Merci pour cette très bonne question. Ma première idée était de faire une pièce sur les manifestations car c’est un sujet qui m’interpelle, et quand j’y pensais vers le mois de mai, cela touchait autant la France que le Sénégal. Je suis revenue sur cette idée après considération du contexte actuel. Mais concrètement, nous n’avons rencontré aucun frein à nos activités du fait du contexte.
Autrement, “the show must go on”, continuer à danser dans un monde en trouble est un engagement en soi. L’idée qui me porte dans tout mon travail est que l’art nourrit les imaginaires et que c’est de l’imagination qu’émerge nos sociétés.

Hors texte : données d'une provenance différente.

(* Let $X,Y$ be compact smooth manifolds, $\mu\in\mathcal{P}(X)$, $\nu\in\mathcal{P}(Y)$ normalized volume forms, and $c\in C(X\times Y)$ a continuous cost function satisfying (A1) and (A2) off the closed set $\mathrm{sing}(c)$ where $c$ fails to be smooth. Let $u_0$ be a $c$-convex function and $u^{(k)}_m:=(S^{(k)})^m(u_0)$. For $t\ge0$ let $\mathcal{L}_t$ be the set of all $w\in C(X)$ that are uniform limits of sequences $u^{(k_j)}_{m_j}$ with $k_j\to\infty$ and $m_j/k_j\to t$, and define $u_t(x):=\sup_{w\in\mathcal{L}_t}w(x)$. Then for each $t\ge0$ the function $u_t$ is $c$-convex (in particular continuous), and there is a constant $C$ such that $\sup_{X\times[0,\infty)}|u_t(x)|\le C$.
   Context: (A1): for $(x,y)\notin\mathrm{sing}(c)$ the map $y\mapsto\partial_xc(x,y)$ is injective; (A2): $\det(\partial_{x_i}\partial_{y_j}c)\ne0$ off $\mathrm{sing}(c)$. $c$-transform $u^c(y)=\sup_x(-c(x,y)-u(x))$, $v^c(x)=\sup_y(-c(x,y)-v(y))$; $u$ is $c$-convex if $(u^c)^c=u$. Scaled operators (with $\mu^{(k)}=\mu$, $\nu^{(k)}=\nu$): $v^{(k)}[u](y)=k^{-1}\log\int_Xe^{-kc(x,y)-ku(x)}d\mu(x)$, $S^{(k)}(u)(x)=k^{-1}\log\int_Ye^{-kc(x,y)-kv^{(k)}[u](y)}d\nu(y)$. *)

theory Defs
  imports "HOL-Analysis.Analysis" "HOL-Probability.Probability"
begin

fun pder :: "'a::euclidean_space list \<Rightarrow> ('a \<Rightarrow> 'b::real_normed_vector) \<Rightarrow> 'a \<Rightarrow> 'b" where
  "pder [] f = f"
| "pder (d # ds) f = (\<lambda>x. vector_derivative (\<lambda>t. pder ds f (x + t *\<^sub>R d)) (at 0))"

definition cinf_on :: "'a::euclidean_space set \<Rightarrow> ('a \<Rightarrow> 'b::real_normed_vector) \<Rightarrow> bool" where
  "cinf_on U f \<longleftrightarrow>
     (\<forall>ds. set ds \<subseteq> Basis \<longrightarrow>
        continuous_on U (pder ds f) \<and>
        (\<forall>d\<in>Basis. \<forall>x\<in>U.
           ((\<lambda>t. pder ds f (x + t *\<^sub>R d)) has_vector_derivative pder (d # ds) f x) (at 0)))"

text \<open>A local parametrization (inverse chart) of X by an open subset U of real^'n:
 a smooth immersion that is a homeomorphism onto an open subset of X.\<close>
definition chart :: "'a::euclidean_space set \<Rightarrow> (real^'n \<Rightarrow> 'a) \<Rightarrow> (real^'n) set \<Rightarrow> bool" where
  "chart X \<phi> U \<longleftrightarrow> open U \<and> cinf_on U \<phi> \<and>
     (\<forall>a\<in>U. \<forall>v::real^'n. (\<Sum>i\<in>UNIV. v $ i *\<^sub>R pder [axis i 1] \<phi> a) = 0 \<longrightarrow> v = 0) \<and>
     inj_on \<phi> U \<and> \<phi> ` U \<subseteq> X \<and> openin (top_of_set X) (\<phi> ` U) \<and>
     continuous_on (\<phi> ` U) (inv_into U \<phi>)"

text \<open>X is a smooth submanifold of dimension CARD('n) (without boundary).\<close>
definition smooth_manifold :: "'n::finite itself \<Rightarrow> 'a::euclidean_space set \<Rightarrow> bool" where
  "smooth_manifold _ X \<longleftrightarrow>
     (\<forall>x\<in>X. \<exists>(\<phi>::real^'n \<Rightarrow> 'a) U. chart X \<phi> U \<and> x \<in> \<phi> ` U)"

text \<open>mu is a (smooth, positive) volume form on X: Borel measure on X whose
 pull-back by every chart has a smooth positive density w.r.t. Lebesgue measure.\<close>
definition volume_form :: "'n::finite itself \<Rightarrow> 'a::euclidean_space set \<Rightarrow> 'a measure \<Rightarrow> bool" where
  "volume_form _ X \<mu> \<longleftrightarrow> sets \<mu> = sets (restrict_space borel X) \<and>
     (\<forall>(\<phi>::real^'n \<Rightarrow> 'a) U. chart X \<phi> U \<longrightarrow>
        (\<exists>\<rho>::real^'n \<Rightarrow> real. cinf_on U \<rho> \<and> (\<forall>a\<in>U. \<rho> a > 0) \<and>
           (\<forall>B\<in>sets lborel. B \<subseteq> U \<longrightarrow>
               emeasure \<mu> (\<phi> ` B) = set_nn_integral lborel B (\<lambda>a. ennreal (\<rho> a)))))"

text \<open>The singular set sing(c): points of X x Y near which c is not smooth
 (smoothness read in charts).\<close>
definition sing :: "'n::finite itself \<Rightarrow> 'a::euclidean_space set \<Rightarrow> 'b::euclidean_space set
     \<Rightarrow> ('a \<times> 'b \<Rightarrow> real) \<Rightarrow> ('a \<times> 'b) set" where
  "sing _ X Y c = {(x, y) \<in> X \<times> Y. \<not> (\<exists>(\<phi>::real^'n \<Rightarrow> 'a) U (\<psi>::real^'n \<Rightarrow> 'b) V a b W.
       chart X \<phi> U \<and> chart Y \<psi> V \<and> a \<in> U \<and> b \<in> V \<and> \<phi> a = x \<and> \<psi> b = y \<and>
       open W \<and> (a, b) \<in> W \<and> W \<subseteq> U \<times> V \<and>
       cinf_on W (\<lambda>p. c (\<phi> (fst p), \<psi> (snd p))))}"

definition grad_x :: "(real^'n \<Rightarrow> 'a) \<Rightarrow> ('a \<times> 'b \<Rightarrow> real) \<Rightarrow> 'b \<Rightarrow> real^'n \<Rightarrow> real^'n" where
  "grad_x \<phi> c y a = (\<chi> i. pder [axis i 1] (\<lambda>a'. c (\<phi> a', y)) a)"

definition mixed_hess :: "(real^'n \<Rightarrow> 'a) \<Rightarrow> (real^'n \<Rightarrow> 'b) \<Rightarrow> ('a \<times> 'b \<Rightarrow> real)
     \<Rightarrow> real^'n \<Rightarrow> real^'n \<Rightarrow> real^'n^'n" where
  "mixed_hess \<phi> \<psi> c a b = (\<chi> i. \<chi> j. pder [(0, axis j 1), (axis i 1, 0)]
       (\<lambda>p::(real^'n) \<times> (real^'n). c (\<phi> (fst p), \<psi> (snd p))) (a, b))"

definition cond_A1 :: "'n::finite itself \<Rightarrow> 'a::euclidean_space set \<Rightarrow> 'b::euclidean_space set
     \<Rightarrow> ('a \<times> 'b \<Rightarrow> real) \<Rightarrow> bool" where
  "cond_A1 T X Y c \<longleftrightarrow>
     (\<forall>(\<phi>::real^'n \<Rightarrow> 'a) U. chart X \<phi> U \<longrightarrow>
       (\<forall>a\<in>U. \<forall>y1\<in>Y. \<forall>y2\<in>Y.
          (\<phi> a, y1) \<notin> sing T X Y c \<longrightarrow> (\<phi> a, y2) \<notin> sing T X Y c \<longrightarrow>
          grad_x \<phi> c y1 a = grad_x \<phi> c y2 a \<longrightarrow> y1 = y2))"

definition cond_A2 :: "'n::finite itself \<Rightarrow> 'a::euclidean_space set \<Rightarrow> 'b::euclidean_space set
     \<Rightarrow> ('a \<times> 'b \<Rightarrow> real) \<Rightarrow> bool" where
  "cond_A2 T X Y c \<longleftrightarrow>
     (\<forall>(\<phi>::real^'n \<Rightarrow> 'a) U (\<psi>::real^'n \<Rightarrow> 'b) V. chart X \<phi> U \<longrightarrow> chart Y \<psi> V \<longrightarrow>
       (\<forall>a\<in>U. \<forall>b\<in>V. (\<phi> a, \<psi> b) \<notin> sing T X Y c \<longrightarrow> det (mixed_hess \<phi> \<psi> c a b) \<noteq> 0))"

definition ctrans :: "'a set \<Rightarrow> ('a \<times> 'b \<Rightarrow> real) \<Rightarrow> ('a \<Rightarrow> real) \<Rightarrow> 'b \<Rightarrow> real" where
  "ctrans X c u y = (SUP x\<in>X. - c (x, y) - u x)"

definition ctrans' :: "'b set \<Rightarrow> ('a \<times> 'b \<Rightarrow> real) \<Rightarrow> ('b \<Rightarrow> real) \<Rightarrow> 'a \<Rightarrow> real" where
  "ctrans' Y c v x = (SUP y\<in>Y. - c (x, y) - v y)"

text \<open>u is c-convex iff (u^c)^c = u on X (bdd_below makes the real suprema
 genuine; it is implied by finiteness of u^c).\<close>
definition c_convex :: "'a set \<Rightarrow> 'b set \<Rightarrow> ('a \<times> 'b \<Rightarrow> real) \<Rightarrow> ('a \<Rightarrow> real) \<Rightarrow> bool" where
  "c_convex X Y c u \<longleftrightarrow> bdd_below (u ` X) \<and> (\<forall>x\<in>X. ctrans' Y c (ctrans X c u) x = u x)"

definition vk :: "real \<Rightarrow> ('a \<times> 'b \<Rightarrow> real) \<Rightarrow> 'a measure \<Rightarrow> ('a \<Rightarrow> real) \<Rightarrow> 'b \<Rightarrow> real" where
  "vk k c \<mu> u y = (1 / k) * ln (integral\<^sup>L \<mu> (\<lambda>x. exp (- k * c (x, y) - k * u x)))"

definition Sk :: "real \<Rightarrow> ('a \<times> 'b \<Rightarrow> real) \<Rightarrow> 'a measure \<Rightarrow> 'b measure \<Rightarrow> ('a \<Rightarrow> real) \<Rightarrow> 'a \<Rightarrow> real" where
  "Sk k c \<mu> \<nu> u x = (1 / k) * ln (integral\<^sup>L \<nu> (\<lambda>y. exp (- k * c (x, y) - k * vk k c \<mu> u y)))"

definition Lset :: "'a::topological_space set \<Rightarrow> ('a \<times> 'b \<Rightarrow> real) \<Rightarrow> 'a measure \<Rightarrow> 'b measure \<Rightarrow> ('a \<Rightarrow> real)
     \<Rightarrow> real \<Rightarrow> ('a \<Rightarrow> real) set" where
  "Lset X c \<mu> \<nu> u0 t = {w. continuous_on X w \<and>
     (\<exists>(k::nat \<Rightarrow> real) (m::nat \<Rightarrow> nat). filterlim k at_top sequentially \<and>
        (\<lambda>j. real (m j) / k j) \<longlonglongrightarrow> t \<and>
        uniform_limit X (\<lambda>j. (Sk (k j) c \<mu> \<nu> ^^ m j) u0) w sequentially)}"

L’art est un levier politique.

Quelle est votre perception de l’évolution de la danse contemporaine au Sénégal, mais surtout de la culture dans sa globalité ?

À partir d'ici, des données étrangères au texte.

lemma increment_losses_le:
  fixes B \<delta> :: real and N k :: nat
  assumes B: "2 \<le> B" and \<alpha>: "0 < \<alpha>" "\<alpha> < 1" and \<delta>: "0 \<le> \<delta>"
    and gap_q: "20 / (B powr (1 - \<alpha>) - 1) < B ^ N"
    and gap_C: "40 * C_const \<alpha> * B powr (2 * C_const \<alpha> * (1 - \<alpha>)) < B ^ N"
    and window: "1 / B ^ 2 \<le> B ^ (N + k) * \<delta>"
  defines "\<rho> \<equiv> B powr - \<alpha>" and "q \<equiv> B powr (1 - \<alpha>)" and "m \<equiv> nat \<lfloor>2 * C_const \<alpha>\<rfloor>"
    and "M \<equiv> (B powr - \<alpha>) ^ k * (B ^ (N + k) * \<delta>)"
  shows "\<delta> * q ^ k / (q - 1) \<le> M / 20"
    and "\<delta> * real m * q ^ (k + m) \<le> M / 20"
    and "\<rho> ^ Suc (k + m) / (1 - \<rho>) \<le> M / 8"
proof -
  have \<rho>: "0 < \<rho>" "\<rho> < 1" unfolding \<rho>_def using B \<alpha> by (auto intro: powr_less_one)
  have q: "1 < q" unfolding q_def using B \<alpha> by (intro gr_one_powr) auto
  have C: "1 \<le> C_const \<alpha>" using C_const_ge_one[OF \<alpha>] .
  have "\<rho> * B = q" unfolding \<rho>_def q_def using B by (simp add: powr_one_minus_eq)
  then have M_eq: "M = q ^ k * B ^ N * \<delta>"
    unfolding M_def \<rho>_def[symmetric] by (simp add: power_add power_mult_distrib[symmetric] mult_ac)
  have "1 / (q - 1) \<le> B ^ N / 20" using gap_q q unfolding q_def by (simp add: field_simps)
  then have "\<delta> * q ^ k * (1 / (q - 1)) \<le> \<delta> * q ^ k * (B ^ N / 20)"
    using \<delta> q by (intro mult_left_mono) auto
  then show "\<delta> * q ^ k / (q - 1) \<le> M / 20" unfolding M_eq by (simp add: mult_ac)
  have "real m * q ^ m \<le> 2 * C_const \<alpha> * q powr (2 * C_const \<alpha>)"
    unfolding m_def using q C by (intro nat_floor_mult_power_le) auto
  also have "\<dots> \<le> B ^ N / 20"
    using gap_C B unfolding q_def by (simp add: powr_powr mult_ac)
  finally have "\<delta> * q ^ k * (real m * q ^ m) \<le> \<delta> * q ^ k * (B ^ N / 20)"
    using \<delta> q by (intro mult_left_mono) auto
  then show "\<delta> * real m * q ^ (k + m) \<le> M / 20" unfolding M_eq by (simp add: power_add mult_ac)
  have "2 * C_const \<alpha> \<le> real (Suc m)" unfolding m_def using C by linarith
  then have "B ^ 2 * \<rho> ^ Suc m \<le> (1 - \<rho>) / 8"
    using C_const_power_bound[OF B \<alpha>] unfolding \<rho>_def by blast
  then have "\<rho> ^ Suc m / (1 - \<rho>) \<le> 1 / 8 * (1 / B ^ 2)" using \<rho> B by (simp add: field_simps)
  also have "\<dots> \<le> 1 / 8 * (B ^ (N + k) * \<delta>)" using window by simp
  finally have "\<rho> ^ k * (\<rho> ^ Suc m / (1 - \<rho>)) \<le> \<rho> ^ k * (1 / 8 * (B ^ (N + k) * \<delta>))"
    using \<rho> by (intro mult_left_mono) auto
  then show "\<rho> ^ Suc (k + m) / (1 - \<rho>) \<le> M / 8"
    unfolding M_def \<rho>_def[symmetric] by (simp add: power_add mult_ac)
qed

La danse contemporaine au Sénégal est en plein essor, notamment avec l’école des Sables en tête de file.
La danse contemporaine en général est une forme floue dont la définition va varier selon l’artiste. Ce qui est intéressant, c’est de voir comment les danseurs d’ici peuvent se l’approprier et en façonner leur propre définition. Naturellement, la diffusion de la culture contemporaine reste très centralisée à Dakar, d’où mon projet en Casamance.
Malgré le fait que je sois moi-même étrangère, ma priorité reste de faire bénéficier ce projet au territoire sénégalais. Beaucoup d’artistes préfèrent encore quitter le pays par manque d’opportunités.

Ce projet est façonné d’échanges culturels puisqu’il y a celui entre les danseurs et moi et celui entre nous et notre public casamançais. L’échange entre les interprètes et moi est globalement fluide puisque la danse qui nous rassemble est un langage fondamentalement universel.
Bien sûr il y a des petits ajustements, et certaines évidences ne le sont pas forcément. Le plus grand défi se trouve dans notre échange en Casamance. Y proposer de la danse contemporaine est une aventure formidable et ne laisse personne indifférent. On reçoit des réactions très fortes et globalement positives.